Problem: Within the records below, how many lines hold the word "empty"? Only the number should be returned.

Data to examine:

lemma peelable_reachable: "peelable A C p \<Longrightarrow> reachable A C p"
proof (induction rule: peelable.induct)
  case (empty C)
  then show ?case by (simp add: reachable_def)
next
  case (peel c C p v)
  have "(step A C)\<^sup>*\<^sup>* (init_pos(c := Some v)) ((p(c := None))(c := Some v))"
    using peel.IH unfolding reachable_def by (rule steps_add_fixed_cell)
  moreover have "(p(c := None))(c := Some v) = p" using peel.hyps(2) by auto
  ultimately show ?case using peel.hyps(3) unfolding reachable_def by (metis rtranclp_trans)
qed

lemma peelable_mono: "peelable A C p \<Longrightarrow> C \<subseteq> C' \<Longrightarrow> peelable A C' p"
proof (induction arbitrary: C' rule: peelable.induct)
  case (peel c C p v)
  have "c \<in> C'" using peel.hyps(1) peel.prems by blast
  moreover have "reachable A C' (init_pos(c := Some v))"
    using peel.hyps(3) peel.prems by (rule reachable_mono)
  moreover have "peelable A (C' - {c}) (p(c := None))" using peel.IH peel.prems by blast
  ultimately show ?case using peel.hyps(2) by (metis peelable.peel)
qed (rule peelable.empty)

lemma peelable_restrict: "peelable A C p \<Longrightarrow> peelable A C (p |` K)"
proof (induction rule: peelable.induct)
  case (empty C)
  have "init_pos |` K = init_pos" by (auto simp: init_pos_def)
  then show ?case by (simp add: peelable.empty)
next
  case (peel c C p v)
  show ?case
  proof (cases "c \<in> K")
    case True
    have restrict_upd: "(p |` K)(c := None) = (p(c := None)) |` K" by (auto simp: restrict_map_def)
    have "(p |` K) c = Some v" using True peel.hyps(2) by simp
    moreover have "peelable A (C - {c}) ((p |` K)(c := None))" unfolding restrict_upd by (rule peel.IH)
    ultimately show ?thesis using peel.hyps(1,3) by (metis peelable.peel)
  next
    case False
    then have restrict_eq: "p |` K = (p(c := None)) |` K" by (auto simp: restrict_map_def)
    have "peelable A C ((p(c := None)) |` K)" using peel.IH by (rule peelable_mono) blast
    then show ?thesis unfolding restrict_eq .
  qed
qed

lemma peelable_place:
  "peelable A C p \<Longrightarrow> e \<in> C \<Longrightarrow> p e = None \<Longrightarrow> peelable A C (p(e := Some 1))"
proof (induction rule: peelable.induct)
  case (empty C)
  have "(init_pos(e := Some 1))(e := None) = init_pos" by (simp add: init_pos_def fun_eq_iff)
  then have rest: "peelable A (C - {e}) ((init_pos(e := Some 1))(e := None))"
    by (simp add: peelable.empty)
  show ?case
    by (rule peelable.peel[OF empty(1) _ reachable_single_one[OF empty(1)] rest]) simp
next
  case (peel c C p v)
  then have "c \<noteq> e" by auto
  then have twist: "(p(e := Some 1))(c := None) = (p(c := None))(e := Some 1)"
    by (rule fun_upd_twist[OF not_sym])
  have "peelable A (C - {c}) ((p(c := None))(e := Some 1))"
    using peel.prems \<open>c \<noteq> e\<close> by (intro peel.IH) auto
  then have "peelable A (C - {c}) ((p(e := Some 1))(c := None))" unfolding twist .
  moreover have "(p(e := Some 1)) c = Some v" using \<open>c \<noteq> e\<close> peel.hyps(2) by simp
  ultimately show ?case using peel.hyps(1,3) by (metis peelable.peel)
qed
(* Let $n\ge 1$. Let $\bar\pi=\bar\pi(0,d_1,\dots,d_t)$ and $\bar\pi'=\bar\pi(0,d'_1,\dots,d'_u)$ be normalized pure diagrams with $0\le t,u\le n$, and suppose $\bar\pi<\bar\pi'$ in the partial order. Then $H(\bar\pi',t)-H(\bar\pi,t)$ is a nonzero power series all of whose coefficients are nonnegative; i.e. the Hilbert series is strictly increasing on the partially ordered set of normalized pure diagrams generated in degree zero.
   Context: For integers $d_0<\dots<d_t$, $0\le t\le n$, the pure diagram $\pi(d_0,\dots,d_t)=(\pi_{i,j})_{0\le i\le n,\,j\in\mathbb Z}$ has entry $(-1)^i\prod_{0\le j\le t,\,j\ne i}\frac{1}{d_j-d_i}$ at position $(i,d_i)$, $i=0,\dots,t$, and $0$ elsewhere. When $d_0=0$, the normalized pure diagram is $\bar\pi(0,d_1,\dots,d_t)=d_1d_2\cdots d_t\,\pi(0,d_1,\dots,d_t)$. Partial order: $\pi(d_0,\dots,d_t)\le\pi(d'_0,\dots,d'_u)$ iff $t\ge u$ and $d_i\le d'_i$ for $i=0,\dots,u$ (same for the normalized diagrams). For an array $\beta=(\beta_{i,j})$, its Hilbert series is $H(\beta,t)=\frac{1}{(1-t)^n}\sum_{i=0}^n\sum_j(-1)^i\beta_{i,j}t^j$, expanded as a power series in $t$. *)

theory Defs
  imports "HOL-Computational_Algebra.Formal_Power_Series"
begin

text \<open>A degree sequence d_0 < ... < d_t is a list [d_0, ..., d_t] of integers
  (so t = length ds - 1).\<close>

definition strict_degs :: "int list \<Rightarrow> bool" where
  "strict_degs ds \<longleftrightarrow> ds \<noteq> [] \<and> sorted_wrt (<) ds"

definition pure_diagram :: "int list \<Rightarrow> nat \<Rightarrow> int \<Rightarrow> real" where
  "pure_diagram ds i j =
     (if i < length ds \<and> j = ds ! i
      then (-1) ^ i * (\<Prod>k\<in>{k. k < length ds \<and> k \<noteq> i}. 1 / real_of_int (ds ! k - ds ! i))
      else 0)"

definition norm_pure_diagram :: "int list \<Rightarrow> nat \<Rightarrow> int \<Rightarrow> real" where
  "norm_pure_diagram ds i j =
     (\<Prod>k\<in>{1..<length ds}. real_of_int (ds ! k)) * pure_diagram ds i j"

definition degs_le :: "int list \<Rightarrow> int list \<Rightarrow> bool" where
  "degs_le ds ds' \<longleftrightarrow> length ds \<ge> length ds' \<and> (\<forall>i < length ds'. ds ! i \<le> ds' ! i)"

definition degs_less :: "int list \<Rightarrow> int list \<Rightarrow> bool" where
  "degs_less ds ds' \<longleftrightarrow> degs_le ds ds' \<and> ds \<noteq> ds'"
---
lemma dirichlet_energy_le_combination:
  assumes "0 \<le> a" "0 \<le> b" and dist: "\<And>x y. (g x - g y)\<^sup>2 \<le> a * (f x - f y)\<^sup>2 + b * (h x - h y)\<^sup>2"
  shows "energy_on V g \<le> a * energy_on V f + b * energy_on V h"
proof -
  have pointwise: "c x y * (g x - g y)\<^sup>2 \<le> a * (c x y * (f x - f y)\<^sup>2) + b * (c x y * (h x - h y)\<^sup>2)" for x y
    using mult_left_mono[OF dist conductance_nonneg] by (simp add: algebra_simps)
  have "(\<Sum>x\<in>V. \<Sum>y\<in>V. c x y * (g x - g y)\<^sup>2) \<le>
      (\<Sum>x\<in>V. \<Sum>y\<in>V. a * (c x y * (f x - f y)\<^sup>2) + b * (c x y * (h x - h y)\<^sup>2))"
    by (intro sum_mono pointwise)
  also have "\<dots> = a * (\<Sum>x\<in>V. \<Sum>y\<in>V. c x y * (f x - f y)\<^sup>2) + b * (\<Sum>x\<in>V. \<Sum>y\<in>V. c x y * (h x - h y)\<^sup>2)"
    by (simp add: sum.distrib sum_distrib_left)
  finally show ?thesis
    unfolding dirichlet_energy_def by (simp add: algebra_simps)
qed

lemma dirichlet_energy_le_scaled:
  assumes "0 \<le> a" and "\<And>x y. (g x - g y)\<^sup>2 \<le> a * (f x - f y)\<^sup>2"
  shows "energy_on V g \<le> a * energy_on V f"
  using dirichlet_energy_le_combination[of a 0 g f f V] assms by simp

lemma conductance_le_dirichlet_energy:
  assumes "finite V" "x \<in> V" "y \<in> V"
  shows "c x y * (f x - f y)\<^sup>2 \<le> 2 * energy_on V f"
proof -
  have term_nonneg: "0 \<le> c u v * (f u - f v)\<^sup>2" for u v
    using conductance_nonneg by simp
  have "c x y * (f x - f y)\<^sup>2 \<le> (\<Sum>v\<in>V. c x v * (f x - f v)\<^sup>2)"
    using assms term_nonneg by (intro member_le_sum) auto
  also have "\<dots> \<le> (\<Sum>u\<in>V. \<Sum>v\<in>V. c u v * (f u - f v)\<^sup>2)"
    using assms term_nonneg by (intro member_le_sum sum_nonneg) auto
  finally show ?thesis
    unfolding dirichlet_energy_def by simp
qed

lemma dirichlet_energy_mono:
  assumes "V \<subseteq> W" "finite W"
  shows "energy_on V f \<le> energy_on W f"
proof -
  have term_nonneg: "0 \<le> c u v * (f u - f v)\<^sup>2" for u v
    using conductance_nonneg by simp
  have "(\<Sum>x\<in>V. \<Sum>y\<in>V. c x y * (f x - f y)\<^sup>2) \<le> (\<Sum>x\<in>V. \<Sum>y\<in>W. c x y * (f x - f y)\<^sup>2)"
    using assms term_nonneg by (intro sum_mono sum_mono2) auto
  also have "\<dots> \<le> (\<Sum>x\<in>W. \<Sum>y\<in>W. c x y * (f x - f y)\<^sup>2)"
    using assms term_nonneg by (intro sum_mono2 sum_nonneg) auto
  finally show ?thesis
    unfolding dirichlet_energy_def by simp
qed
* * *
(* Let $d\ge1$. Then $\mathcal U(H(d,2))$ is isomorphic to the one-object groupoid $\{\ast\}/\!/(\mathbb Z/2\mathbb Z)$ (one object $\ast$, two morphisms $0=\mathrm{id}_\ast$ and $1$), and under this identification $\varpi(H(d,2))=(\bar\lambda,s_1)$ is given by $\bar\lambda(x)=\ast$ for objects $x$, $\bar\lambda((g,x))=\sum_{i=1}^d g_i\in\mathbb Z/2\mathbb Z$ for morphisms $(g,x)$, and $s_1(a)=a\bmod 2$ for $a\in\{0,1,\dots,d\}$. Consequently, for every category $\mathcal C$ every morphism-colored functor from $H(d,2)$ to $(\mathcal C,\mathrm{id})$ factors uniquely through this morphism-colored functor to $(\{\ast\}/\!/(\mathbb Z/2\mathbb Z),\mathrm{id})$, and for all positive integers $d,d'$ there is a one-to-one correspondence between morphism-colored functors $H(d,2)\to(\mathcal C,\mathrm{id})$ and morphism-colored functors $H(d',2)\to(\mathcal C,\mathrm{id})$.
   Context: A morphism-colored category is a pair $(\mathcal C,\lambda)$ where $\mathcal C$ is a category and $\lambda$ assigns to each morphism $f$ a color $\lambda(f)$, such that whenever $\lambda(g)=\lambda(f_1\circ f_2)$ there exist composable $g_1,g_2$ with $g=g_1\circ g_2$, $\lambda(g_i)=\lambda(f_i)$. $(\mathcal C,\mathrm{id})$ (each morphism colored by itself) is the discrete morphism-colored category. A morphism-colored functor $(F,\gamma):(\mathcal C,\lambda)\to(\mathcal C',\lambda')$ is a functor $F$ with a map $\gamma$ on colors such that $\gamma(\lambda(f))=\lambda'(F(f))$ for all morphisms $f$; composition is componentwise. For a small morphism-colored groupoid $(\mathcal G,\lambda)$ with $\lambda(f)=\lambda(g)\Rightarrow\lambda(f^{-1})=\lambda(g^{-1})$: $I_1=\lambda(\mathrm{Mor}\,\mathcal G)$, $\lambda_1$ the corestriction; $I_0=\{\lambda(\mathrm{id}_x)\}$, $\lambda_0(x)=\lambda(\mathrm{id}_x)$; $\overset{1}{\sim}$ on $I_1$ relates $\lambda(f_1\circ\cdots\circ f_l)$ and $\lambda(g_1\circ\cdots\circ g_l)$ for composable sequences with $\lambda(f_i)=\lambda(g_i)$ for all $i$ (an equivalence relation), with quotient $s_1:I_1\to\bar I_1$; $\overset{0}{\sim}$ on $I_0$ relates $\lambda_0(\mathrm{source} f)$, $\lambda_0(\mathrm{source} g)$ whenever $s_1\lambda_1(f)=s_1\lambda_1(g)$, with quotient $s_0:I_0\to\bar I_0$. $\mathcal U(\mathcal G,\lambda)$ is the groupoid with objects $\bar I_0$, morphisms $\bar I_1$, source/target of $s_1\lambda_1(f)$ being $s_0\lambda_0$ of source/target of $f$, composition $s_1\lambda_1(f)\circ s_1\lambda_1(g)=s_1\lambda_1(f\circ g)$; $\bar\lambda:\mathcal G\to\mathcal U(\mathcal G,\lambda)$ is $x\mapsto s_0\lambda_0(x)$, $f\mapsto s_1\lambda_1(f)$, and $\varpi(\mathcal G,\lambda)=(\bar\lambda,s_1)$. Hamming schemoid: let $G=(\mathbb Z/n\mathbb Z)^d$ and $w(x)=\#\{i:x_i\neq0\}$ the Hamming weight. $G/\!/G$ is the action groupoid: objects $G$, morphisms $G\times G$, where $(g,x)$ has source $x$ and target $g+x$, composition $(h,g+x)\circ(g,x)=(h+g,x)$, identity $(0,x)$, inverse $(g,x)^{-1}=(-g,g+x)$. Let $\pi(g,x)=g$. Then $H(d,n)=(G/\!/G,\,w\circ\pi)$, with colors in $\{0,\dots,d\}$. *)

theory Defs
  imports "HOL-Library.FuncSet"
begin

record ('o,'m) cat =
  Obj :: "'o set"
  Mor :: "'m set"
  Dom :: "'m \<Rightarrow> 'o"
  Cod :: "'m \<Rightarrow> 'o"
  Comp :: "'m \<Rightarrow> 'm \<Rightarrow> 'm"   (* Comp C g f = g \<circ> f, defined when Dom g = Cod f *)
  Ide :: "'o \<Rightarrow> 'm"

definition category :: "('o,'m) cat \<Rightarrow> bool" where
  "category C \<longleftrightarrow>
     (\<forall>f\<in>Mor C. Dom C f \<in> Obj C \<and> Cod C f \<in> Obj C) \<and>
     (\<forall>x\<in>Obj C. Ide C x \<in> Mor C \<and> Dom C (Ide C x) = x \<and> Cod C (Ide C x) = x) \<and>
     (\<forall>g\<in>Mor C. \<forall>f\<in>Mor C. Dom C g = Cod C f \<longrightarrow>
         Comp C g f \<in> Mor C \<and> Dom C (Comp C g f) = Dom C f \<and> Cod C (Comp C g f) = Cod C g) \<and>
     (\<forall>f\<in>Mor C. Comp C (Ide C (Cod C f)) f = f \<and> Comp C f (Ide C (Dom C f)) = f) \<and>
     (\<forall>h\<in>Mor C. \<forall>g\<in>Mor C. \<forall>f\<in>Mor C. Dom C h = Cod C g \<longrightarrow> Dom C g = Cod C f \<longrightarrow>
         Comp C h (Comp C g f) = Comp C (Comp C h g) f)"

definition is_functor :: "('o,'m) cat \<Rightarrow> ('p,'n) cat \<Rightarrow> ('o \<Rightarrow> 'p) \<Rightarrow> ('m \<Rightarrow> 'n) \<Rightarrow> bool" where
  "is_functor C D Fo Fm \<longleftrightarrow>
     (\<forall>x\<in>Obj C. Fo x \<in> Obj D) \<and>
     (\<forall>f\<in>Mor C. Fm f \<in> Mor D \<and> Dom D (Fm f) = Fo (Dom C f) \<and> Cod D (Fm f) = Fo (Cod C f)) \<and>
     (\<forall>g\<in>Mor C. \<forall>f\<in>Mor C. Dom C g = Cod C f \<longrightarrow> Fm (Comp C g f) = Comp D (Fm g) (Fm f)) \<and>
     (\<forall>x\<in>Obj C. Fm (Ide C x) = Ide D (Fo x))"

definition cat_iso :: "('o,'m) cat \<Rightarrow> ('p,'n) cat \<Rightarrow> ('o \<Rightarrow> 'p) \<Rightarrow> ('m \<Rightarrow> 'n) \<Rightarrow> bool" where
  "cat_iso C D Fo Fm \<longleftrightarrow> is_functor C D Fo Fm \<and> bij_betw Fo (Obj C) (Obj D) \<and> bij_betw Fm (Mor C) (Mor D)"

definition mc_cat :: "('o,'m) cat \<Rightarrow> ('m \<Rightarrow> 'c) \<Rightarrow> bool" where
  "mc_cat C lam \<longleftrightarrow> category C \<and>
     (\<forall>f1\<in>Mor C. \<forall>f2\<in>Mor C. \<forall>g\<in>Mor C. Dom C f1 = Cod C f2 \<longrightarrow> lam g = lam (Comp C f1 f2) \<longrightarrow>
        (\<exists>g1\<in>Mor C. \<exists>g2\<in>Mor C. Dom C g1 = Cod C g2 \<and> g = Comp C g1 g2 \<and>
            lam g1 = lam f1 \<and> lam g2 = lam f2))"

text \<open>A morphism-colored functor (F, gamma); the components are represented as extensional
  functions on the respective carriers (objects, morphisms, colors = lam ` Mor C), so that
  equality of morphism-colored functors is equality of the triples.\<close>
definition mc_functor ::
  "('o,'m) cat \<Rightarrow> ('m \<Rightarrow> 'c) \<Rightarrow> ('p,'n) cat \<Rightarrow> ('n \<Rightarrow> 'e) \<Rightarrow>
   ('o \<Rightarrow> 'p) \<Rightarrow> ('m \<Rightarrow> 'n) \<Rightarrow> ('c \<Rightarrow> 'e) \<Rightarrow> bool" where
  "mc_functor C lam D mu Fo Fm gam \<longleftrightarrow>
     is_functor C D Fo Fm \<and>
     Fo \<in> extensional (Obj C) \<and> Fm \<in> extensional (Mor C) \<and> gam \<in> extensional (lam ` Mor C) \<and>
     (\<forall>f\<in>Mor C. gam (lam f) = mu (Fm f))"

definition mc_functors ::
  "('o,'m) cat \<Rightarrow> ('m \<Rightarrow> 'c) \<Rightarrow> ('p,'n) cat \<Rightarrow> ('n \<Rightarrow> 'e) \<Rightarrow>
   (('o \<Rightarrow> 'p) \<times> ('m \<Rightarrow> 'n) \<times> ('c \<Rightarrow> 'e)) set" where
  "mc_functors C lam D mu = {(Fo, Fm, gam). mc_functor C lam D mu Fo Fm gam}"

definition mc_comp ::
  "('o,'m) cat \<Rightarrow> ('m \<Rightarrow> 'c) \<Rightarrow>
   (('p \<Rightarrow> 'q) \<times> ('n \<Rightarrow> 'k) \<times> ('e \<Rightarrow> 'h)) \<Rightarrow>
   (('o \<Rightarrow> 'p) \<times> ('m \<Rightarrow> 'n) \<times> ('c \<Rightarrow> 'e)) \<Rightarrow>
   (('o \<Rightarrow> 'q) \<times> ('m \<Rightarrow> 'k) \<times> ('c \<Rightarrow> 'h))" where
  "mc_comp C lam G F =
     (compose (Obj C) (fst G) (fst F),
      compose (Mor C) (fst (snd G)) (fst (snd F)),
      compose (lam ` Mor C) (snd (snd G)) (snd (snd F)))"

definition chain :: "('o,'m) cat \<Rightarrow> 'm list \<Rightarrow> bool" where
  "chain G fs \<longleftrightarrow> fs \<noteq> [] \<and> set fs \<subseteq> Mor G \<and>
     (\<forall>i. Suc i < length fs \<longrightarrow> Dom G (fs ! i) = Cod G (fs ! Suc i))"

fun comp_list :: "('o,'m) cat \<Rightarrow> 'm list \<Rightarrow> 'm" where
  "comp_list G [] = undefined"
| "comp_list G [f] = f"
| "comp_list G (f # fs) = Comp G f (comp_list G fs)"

Exercise solution: 7